▸ **Data under study**
section \<open>The robustness gain\<close>

abbreviation sup_norm :: "(real \<Rightarrow> real ^ 'n) \<Rightarrow> real" where
  "sup_norm d \<equiv> (SUP p. SUP s\<in>{0::real..}. \<bar>d s $ p\<bar>)"

lemma abs_le_sup_norm:
  fixes d :: "real \<Rightarrow> real ^ 'n"
  assumes "bounded (d ` {0..})" "0 \<le> s"
  shows "\<bar>d s $ p\<bar> \<le> sup_norm d"
proof -
  obtain K where K: "\<forall>y\<in>d ` {0..}. norm y \<le> K"
    using assms(1) bounded_iff by blast
  have "bdd_above ((\<lambda>s. \<bar>d s $ q\<bar>) ` {0::real..})" for q
    by (rule bdd_aboveI[of _ K]) (use K component_le_norm_cart order_trans in blast)
  then have "\<bar>d s $ p\<bar> \<le> (SUP s\<in>{0::real..}. \<bar>d s $ p\<bar>)"
    using assms(2) by (intro cSUP_upper) auto
  also have "\<dots> \<le> sup_norm d"
    by (intro cSUP_upper) (auto intro: bdd_above_finite)
  finally show ?thesis .
qed

lemma sup_norm_le:
  fixes d :: "real \<Rightarrow> real ^ 'n"
  assumes "\<forall>s\<ge>0. \<forall>p. \<bar>d s $ p\<bar> \<le> c"
  shows "sup_norm d \<le> c"
  using assms by (intro cSUP_least) auto

lemma bounded_of_component_bound:
  fixes d :: "real \<Rightarrow> real ^ 'n"
  assumes "\<forall>s\<in>S. \<forall>q. \<bar>d s $ q\<bar> \<le> c"
  shows "bounded (d ` S)"
  unfolding bounded_iff
  using assms order_trans[OF norm_le_l1_cart sum_bounded_above[of UNIV "\<lambda>q. \<bar>d _ $ q\<bar>" c]]
  by (intro exI[of _ "real CARD('n) * c"]) auto

lemma le_of_saturating_bound:
  fixes \<epsilon> c \<gamma> :: real
  assumes "0 < \<epsilon>" and "\<forall>t\<ge>0. (1 - exp (- \<epsilon> * t)) * c \<le> \<gamma>"
  shows "c \<le> \<gamma>"
proof (rule tendsto_upperbound[OF _ _ trivial_limit_at_top_linorder])
  show "((\<lambda>t. (1 - exp (- \<epsilon> * t)) * c) \<longlongrightarrow> c) at_top"
    using \<open>0 < \<epsilon>\<close> by real_asymp
  show "\<forall>\<^sub>F t in at_top. (1 - exp (- \<epsilon> * t)) * c \<le> \<gamma>"
    using assms(2) unfolding eventually_at_top_linorder by blast
qed
lemma lipschitz_on_rayleigh_summand:
  fixes A :: "real^'p^'m" and b :: "real^'p"
  assumes mu: "\<mu> > 0" and n: "n \<ge> 1" and r: "0 < r"
    and U: "\<And>w. w \<in> U \<Longrightarrow> norm w < sqrt ((4*n - 1) / (4*n)) \<and> r \<le> norm w"
  defines "M \<equiv> maxabs A b"
  defines "K \<equiv> (sqrt (real CARD('m)) + sqrt (4*n - 1)) * M"
    and "Lr \<equiv> sqrt (real CARD('m)) * M / r + M * (2 * sqrt n)^3"
  shows "(1/\<mu> * (K * Lr + K * Lr) + K * K * (2/\<mu>\<^sup>2 * K)
          + (M * (3 * (2 * sqrt n)^5) + (2 * sqrt n)^3 * (M * (1/\<mu> * K))))-lipschitz_on U
          (\<lambda>w. hmu'' \<mu> (qy A b k w) * (radial_qy A b k w * radial_qy A b k w)
               - b $ k * hmu' \<mu> (qy A b k w) * (1 / (sqrt (1 - (norm w)\<^sup>2))^3))"
proof (rule lipschitz_on_diff)
  have M: "0 \<le> M" "\<bar>b $ k\<bar> \<le> M" by (simp_all add: M_def maxabs_bounds)
  have U1: "norm w < sqrt ((4*n - 1) / (4*n))" if "w \<in> U" for w using U that by blast
  have "0 \<le> K" using M n by (simp add: K_def)
  have qy: "K-lipschitz_on U (qy A b k)"
    unfolding K_def M_def by (rule lipschitz_on_qy[OF n U1])
  have rad: "Lr-lipschitz_on U (radial_qy A b k)"
    unfolding Lr_def M_def by (rule lipschitz_on_radial_qy[OF n r U])
  have rad_bd: "\<bar>radial_qy A b k w\<bar> \<le> K" if "w \<in> U" for w
    unfolding K_def M_def by (rule abs_radial_qy_le[OF n U1[OF that]])
  have h2: "(2/\<mu>\<^sup>2 * K)-lipschitz_on U (\<lambda>w. hmu'' \<mu> (qy A b k w))"
    by (rule lipschitz_on_compose2[OF qy lipschitz_on_subset[OF lipschitz_on_hmu''[OF mu]]]) simp
  have rad2: "(K * Lr + K * Lr)-lipschitz_on U (\<lambda>w. radial_qy A b k w * radial_qy A b k w)"
    by (rule lipschitz_on_mult_bounded[OF rad rad rad_bd rad_bd \<open>0 \<le> K\<close> \<open>0 \<le> K\<close>])
  have rad2_bd: "\<bar>radial_qy A b k w * radial_qy A b k w\<bar> \<le> K * K" if "w \<in> U" for w
    unfolding abs_mult using rad_bd[OF that] by (intro mult_mono) auto
  show "(1/\<mu> * (K * Lr + K * Lr) + K * K * (2/\<mu>\<^sup>2 * K))-lipschitz_on U
      (\<lambda>w. hmu'' \<mu> (qy A b k w) * (radial_qy A b k w * radial_qy A b k w))"
    by (rule lipschitz_on_mult_bounded[OF h2 rad2 _ rad2_bd])
       (use mu abs_hmu''_le[OF mu] \<open>0 \<le> K\<close> in auto)
  have "(1/\<mu> * K)-lipschitz_on U (\<lambda>w. hmu' \<mu> (qy A b k w))"
    by (rule lipschitz_on_compose2[OF qy lipschitz_on_subset[OF lipschitz_on_hmu'[OF mu]]]) simp
  then have h1: "(M * (1/\<mu> * K))-lipschitz_on U (\<lambda>w. b $ k * hmu' \<mu> (qy A b k w))"
    by (rule lipschitz_on_cmult_real_upper) (rule M)
  have h1_bd: "\<bar>b $ k * hmu' \<mu> (qy A b k w)\<bar> \<le> M" for w
    using mult_mono[OF M(2) abs_hmu'_le[of \<mu> "qy A b k w"]] M(1) by (simp add: abs_mult)
  show "(M * (3 * (2 * sqrt n)^5) + (2 * sqrt n)^3 * (M * (1/\<mu> * K)))-lipschitz_on U
      (\<lambda>w. b $ k * hmu' \<mu> (qy A b k w) * (1 / (sqrt (1 - (norm w)\<^sup>2))^3))"
    by (rule lipschitz_on_mult_bounded[OF h1 lipschitz_on_inverse_cube[OF n U1] h1_bd])
       (use abs_inverse_cube_le[OF n U1] M(1) n in auto)
qed
definition distinct_rows :: "nat \<Rightarrow> nat \<Rightarrow> nat \<Rightarrow> (nat \<Rightarrow> nat \<Rightarrow> bool) \<Rightarrow> bool" where
  "distinct_rows M N Z H \<longleftrightarrow> (\<forall>i<M*Z. \<forall>i'<M*Z. i \<noteq> i' \<longrightarrow> (\<exists>j<N*Z. H i j \<noteq> H i' j))"

definition T_set :: "nat \<Rightarrow> nat \<Rightarrow> nat set \<Rightarrow> nat \<Rightarrow> nat set" where
  "T_set Z S T0 l = pi_shift Z (int (l * S)) ` T0"

definition feasible :: "nat \<Rightarrow> nat \<Rightarrow> nat \<Rightarrow> nat \<Rightarrow> nat set \<Rightarrow> bool" where
  "feasible M Z L S T0 \<longleftrightarrow>
     S > 0 \<and> T0 \<subseteq> {..<M*Z} \<and>
     (\<forall>l<L. \<forall>l'<L. l \<noteq> l' \<longrightarrow> T_set Z S T0 l \<inter> T_set Z S T0 l' = {}) \<and>
     (\<Union>l<L. T_set Z S T0 l) = {..<M*Z}"

definition C_class :: "nat \<Rightarrow> nat \<Rightarrow> nat \<Rightarrow> nat \<Rightarrow> nat \<Rightarrow> nat \<Rightarrow> nat set" where
  "C_class Z L S m s l =
     {m*Z + nat ((int s + int l * int S + r * int L * int S) mod int Z) | r::int. True}"

end

theory Submission
  imports Defs
begin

▸ **Exercise requirements**
What is needed is an exact copy of the line containing "(\<Union>l<L. T_set Z" and each line after it, through the final line of the entries above.

▸ **Answer to the exercise**
     (\<Union>l<L. T_set Z S T0 l) = {..<M*Z}"

definition C_class :: "nat \<Rightarrow> nat \<Rightarrow> nat \<Rightarrow> nat \<Rightarrow> nat \<Rightarrow> nat \<Rightarrow> nat set" where
  "C_class Z L S m s l =
     {m*Z + nat ((int s + int l * int S + r * int L * int S) mod int Z) | r::int. True}"

end

theory Submission
  imports Defs
begin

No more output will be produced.